A Base Nacional Comum Curricular (BNCC) estabelece seis direitos que devem ser assegurados às crianças na Educação Infantil: conviver, brincar, participar, explorar, expressar e conhecer-se.

Mais do que termos presentes nos planejamentos, esses direitos ajudam a compreender como a criança aprende e se desenvolve e qual é o papel do professor na organização de experiências significativas.

Neste artigo, vamos conhecer cada um deles e entender como podem orientar a prática pedagógica.

O que são os direitos de aprendizagem e desenvolvimento na Educação Infantil?Õ

Conviver envolve relacionar-se com outras crianças e adultos, em pequenos e grandes grupos, utilizando diferentes linguagens e aprendendo a reconhecer e respeitar as diferenças. (Base Nacional Comum⁠)

Na prática, esse direito está presente quando as crianças:

brincam juntas;

participam de rodas de conversa;

compartilham materiais;

aprendem a negociar durante uma brincadeira;

constroem combinados;

resolvem conflitos com mediação;

percebem e respeitam diferentes formas de ser, pensar e viver.

Qual é o papel do professor?

Criar oportunidades reais de interação, observar as relações entre as crianças, incentivar o diálogo e realizar mediações quando necessário.

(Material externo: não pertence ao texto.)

lemma add_power_le_power_add:
  fixes x y :: "'a::linordered_semidom"
  assumes "0 \<le> x" "0 \<le> y" "1 \<le> i"
  shows "x ^ i + y ^ i \<le> (x + y) ^ i"
  using assms(3)
proof (induction i rule: dec_induct)
  case base
  then show ?case by simp
next
  case (step i)
  have "x * x ^ i + y * y ^ i \<le> x * (x + y) ^ i + y * (x + y) ^ i"
    using assms by (intro add_mono mult_left_mono power_mono) auto
  then show ?case by (simp add: distrib_right)
qed

lemma fact_ge_power_div_exp: "(real n / exp 1) ^ n \<le> fact n"
proof -
  have exp_sums: "(\<lambda>k. real n ^ k /\<^sub>R fact k) sums exp (real n)"
    by (rule exp_converges)
  have "real n ^ n / fact n \<le> exp (real n)"
    using sum_le_suminf[OF sums_summable[OF exp_sums], of "{n}"] sums_unique[OF exp_sums]
    by (simp add: divide_inverse mult.commute)
  then show ?thesis
    by (simp add: power_divide divide_le_eq mult.commute flip: exp_of_nat_mult)
qed

lemma card_nat_interval_le:
  fixes N :: real
  assumes "0 \<le> N"
  shows "real (card {a::nat. 1 \<le> a \<and> real a \<in> {0..N}}) \<le> N"
proof -
  have "{a::nat. 1 \<le> a \<and> real a \<in> {0..N}} = {1..nat \<lfloor>N\<rfloor>}"
    using assms by (auto simp: le_nat_iff le_floor_iff)
  then show ?thesis using assms by simp
qed

lemma nat_mult_power_le_geometric:
  fixes x :: "nat \<Rightarrow> real"
  assumes "x \<longlonglongrightarrow> q" "q < r" "\<And>n. 0 \<le> x n"
  shows "\<exists>K>0. \<forall>n. real n * x n ^ n \<le> K * r ^ n"
proof -
  define r' where "r' = (q + r) / 2"
  have "0 \<le> q" using assms(1,3) by (simp add: LIMSEQ_le_const)
  then have r': "q < r'" "0 < r'" "r' < r" using assms(2) by (auto simp: r'_def)
  define G where "G n = real n * x n ^ n / r ^ n" for n
  have "eventually (\<lambda>n. x n < r') sequentially"
    using order_tendstoD(2)[OF assms(1) r'(1)] .
  then have G_le: "eventually (\<lambda>n. G n \<le> real n * (r' / r) ^ n) sequentially"
  proof eventually_elim
    case (elim n)
    then have "x n ^ n \<le> r' ^ n" using assms(3) by (intro power_mono) auto
    then have "G n \<le> real n * r' ^ n / r ^ n"
      unfolding G_def using r' by (intro divide_right_mono mult_left_mono) auto
    then show ?case by (simp add: power_divide)
  qed
  have lim: "(\<lambda>n. real n * (r' / r) ^ n) \<longlonglongrightarrow> 0"
    using r' by (intro powser_times_n_limit_0) simp
  have G_nonneg: "eventually (\<lambda>n. 0 \<le> G n) sequentially"
    using assms(3) r' by (simp add: G_def)
  have "G \<longlonglongrightarrow> 0"
    by (rule real_tendsto_sandwich[OF G_nonneg G_le tendsto_const lim])
  then obtain K where K: "0 < K" "\<And>n. norm (G n) \<le> K"
    using convergent_imp_Bseq convergentI BseqE by metis
  show ?thesis
  proof (intro exI conjI allI)
    fix n
    have "real n * x n ^ n = G n * r ^ n" using r' by (simp add: G_def)
    also have "\<dots> \<le> K * r ^ n" using K(2)[of n] r' by (intro mult_right_mono) auto
    finally show "real n * x n ^ n \<le> K * r ^ n" .
  qed (rule K(1))
qed

lemma mult_exp_powr_le_affine:
  fixes c M :: real
  assumes "0 \<le> c" "1 < M"
  shows "\<exists>C\<ge>0. \<forall>x\<ge>1. x * exp (c * (2 * x) powr (-2/3)) \<le> C + M * x"
proof -
  have "((\<lambda>x::real. c * (2 * x) powr (-2/3)) \<longlongrightarrow> 0) at_top" by real_asymp
  moreover have "0 < ln M" using assms(2) by simp
  ultimately have "eventually (\<lambda>x. c * (2 * x) powr (-2/3) < ln M) at_top"
    by (rule order_tendstoD(2))
  then obtain A where A: "\<And>x. A \<le> x \<Longrightarrow> c * (2 * x) powr (-2/3) < ln M"
    by (auto simp: eventually_at_top_linorder)
  show ?thesis
  proof (intro exI conjI allI impI)
    fix x :: real assume x: "1 \<le> x"
    show "x * exp (c * (2 * x) powr (-2/3)) \<le> \<bar>A\<bar> * exp c + M * x"
    proof (cases "A \<le> x")
      case True
      then have "exp (c * (2 * x) powr (-2/3)) < exp (ln M)" using A by simp
      then have "exp (c * (2 * x) powr (-2/3)) \<le> M" using assms(2) by simp
      then show ?thesis using x by (simp add: add_increasing)
    next
      case False
      have "(2 * x) powr (-2/3) \<le> (2 * x) powr 0" using x by (intro powr_mono) auto
      then have "(2 * x) powr (-2/3) \<le> 1" using x by simp
      then have "exp (c * (2 * x) powr (-2/3)) \<le> exp c"
        using assms(1) by (simp add: mult_left_le)
      then have "x * exp (c * (2 * x) powr (-2/3)) \<le> \<bar>A\<bar> * exp c"
        using False x by (intro mult_mono) auto
      then show ?thesis using x assms(2) by (simp add: add_increasing2)
    qed
  qed simp
qed

lemma partition_mult_le:
  assumes "is_partition_mult n m"
  shows "m i \<le> n"
proof (cases "i \<in> {1..n}")
  case True
  then have "m i \<le> i * m i" by simp
  also have "\<dots> \<le> (\<Sum>j=1..n. j * m j)" using True by (intro member_le_sum) auto
  finally show ?thesis using assms by (simp add: is_partition_mult_def)
next
  case False
  with assms show ?thesis by (cases "i = 0") (auto simp: is_partition_mult_def)
qed

lemma power_partition_mult:
  assumes "is_partition_mult n m"
  shows "x ^ n = (\<Prod>i=1..n. x ^ (i * m i))"
  using assms by (metis is_partition_mult_def power_sum)

lemma KK_abs_le:
  assumes "ff a i > 0"
  shows "\<bar>KK a i k\<bar> \<le> (1 + real k / ff a i) ^ k"
proof (cases "k = 0")
  case True
  then show ?thesis by (simp add: KK_def)
next
  case False
  define F where "F = ff a i"
  define P where "P \<nu> = (\<Prod>j=1..k-1. F - real \<nu> + real j)" for \<nu>
  have F: "F > 0" using assms by (simp add: F_def)
  have P_le: "\<bar>P \<nu>\<bar> \<le> (F + real k) ^ (k - 1)" if "\<nu> \<le> k" for \<nu>
  proof -
    have "\<bar>F - real \<nu> + real j\<bar> \<le> F + real k" if "j \<in> {1..k-1}" for j
      using that \<open>\<nu> \<le> k\<close> F by (auto simp: abs_le_iff)
    then have "(\<Prod>j=1..k-1. \<bar>F - real \<nu> + real j\<bar>) \<le> (\<Prod>j=1..k-1. F + real k)"
      by (intro prod_mono) auto
    then show ?thesis by (simp add: P_def abs_prod)
  qed
  have "KK a i k = (\<Sum>\<nu>=0..k. real (k choose \<nu>) * P \<nu>) / (2 ^ k * F ^ (k - 1))"
    using False by (simp add: KK_def F_def P_def sum_divide_distrib)
  also have "\<bar>\<dots>\<bar> \<le> (\<Sum>\<nu>=0..k. real (k choose \<nu>) * (F + real k) ^ (k - 1))
      / (2 ^ k * F ^ (k - 1))"
    using F P_le
    by (auto simp: abs_mult intro!: divide_right_mono order_trans[OF sum_abs] sum_mono mult_left_mono)
  also have "\<dots> = ((F + real k) / F) ^ (k - 1)"
    using F by (simp add: atLeast0AtMost choose_row_sum flip: sum_distrib_right of_nat_sum power_divide)
  also have "\<dots> \<le> (1 + real k / F) ^ k"
    using F by (simp add: add_divide_distrib power_increasing)
  finally show ?thesis by (simp add: F_def)
qed

lemma power_mult_gg_KK_le:
  fixes B :: real
  assumes "1 \<le> a" "0 < gg a i" "real a ^ i * gg a i \<le> B ^ i" "0 \<le> B" "1 \<le> i"
  shows "real a ^ (i * k) * \<bar>gg a i ^ k * KK a i k\<bar> \<le> (B + real k) ^ (i * k)"
proof -
  define g where "g = gg a i"
  define f where "f = ff a i"
  have ag_eq: "real a ^ i * g = f * (2 * real i / 2 ^ i)"
    using assms(1) by (simp add: g_def f_def gg_def power_mult_distrib field_simps)
  have "real (2 * i) \<le> real (2 ^ i)"
    by (simp only: of_nat_le_iff two_mult_le_two_power)
  then have ratio_le: "2 * real i / 2 ^ i \<le> 1" by simp
  have g_pos: "0 < g" using assms(2) by (simp add: g_def)
  then have ag_pos: "0 < real a ^ i * g" using assms(1) by simp
  then have f_pos: "0 < f"
    using ag_eq assms(5) by (auto simp: zero_less_divide_iff zero_less_mult_iff)
  have ag_le: "real a ^ i * g / f \<le> 1"
    using ag_eq f_pos ratio_le by simp
  have "real a ^ (i * k) * \<bar>g ^ k * KK a i k\<bar> = (real a ^ i * g) ^ k * \<bar>KK a i k\<bar>"
    using g_pos by (simp add: abs_mult power_mult power_mult_distrib)
  also have "\<dots> \<le> (real a ^ i * g) ^ k * (1 + real k / f) ^ k"
    using KK_abs_le f_pos ag_pos by (intro mult_left_mono) (auto simp: f_def)
  also have "\<dots> = (real a ^ i * g + real k * (real a ^ i * g / f)) ^ k"
    by (simp add: ring_distribs mult.commute flip: power_mult_distrib)
  also have "\<dots> \<le> (B ^ i + real k) ^ k"
    using ag_le ag_pos f_pos assms(3) by (intro power_mono add_mono mult_left_le) (auto simp: g_def)
  also have "\<dots> \<le> ((B + real k) ^ i) ^ k"
  proof (intro power_mono)
    have "real k \<le> real k ^ i"
      using assms(5) by (cases "k = 0") (auto intro: self_le_power)
    then show "B ^ i + real k \<le> (B + real k) ^ i"
      using add_power_le_power_add[of B "real k" i] assms(4,5) by linarith
  qed (use assms(4) in simp)
  finally show ?thesis by (simp add: g_def power_mult)
qed

lemma power_mult_gg_le:
  fixes c1 :: real
  assumes "0 \<le> c1" "1 \<le> a" "1 \<le> i"
    and "gg a i \<le> exp (c1 * (2 * real a) powr (- 2 * real i / 3))"
  shows "real a ^ i * gg a i \<le> (real a * exp (c1 * (2 * real a) powr (-2/3))) ^ i"
proof -
  have "(2 * real a) powr (- 2 * real i / 3) \<le> (2 * real a) powr (-2/3)"
    using assms(2,3) by (intro powr_mono) auto
  also have "\<dots> \<le> real i * (2 * real a) powr (-2/3)"
    using assms(3) by (intro mult_le_cancel_right1[THEN iffD2]) auto
  finally have "c1 * (2 * real a) powr (- 2 * real i / 3) \<le> real i * (c1 * (2 * real a) powr (-2/3))"
    using assms(1) by (simp add: mult_left_mono mult.left_commute)
  then have "gg a i \<le> exp (real i * (c1 * (2 * real a) powr (-2/3)))"
    using assms(4) by (meson exp_le_cancel_iff order_trans)
  then have "real a ^ i * gg a i \<le> real a ^ i * exp (c1 * (2 * real a) powr (-2/3)) ^ i"
    by (intro mult_left_mono) (simp_all add: exp_of_nat_mult)
  then show ?thesis by (simp only: power_mult_distrib)
qed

Conviver não significa simplesmente colocar várias crianças no mesmo espaço. A convivência também precisa ser intencionalmente favorecida pelo cotidiano pedagógico.

2. Brincar

Brincar é um direito fundamental da criança e ocupa lugar central na Educação Infantil.

A BNCC destaca a importância de brincar cotidianamente, de diferentes maneiras, em diversos espaços e tempos e com diferentes parceiros, ampliando experiências culturais, sociais, emocionais, corporais, sensoriais e cognitivas. (Base Nacional Comum⁠)

Por isso, a brincadeira não deve aparecer apenas como uma recompensa depois de uma atividade considerada “mais importante”.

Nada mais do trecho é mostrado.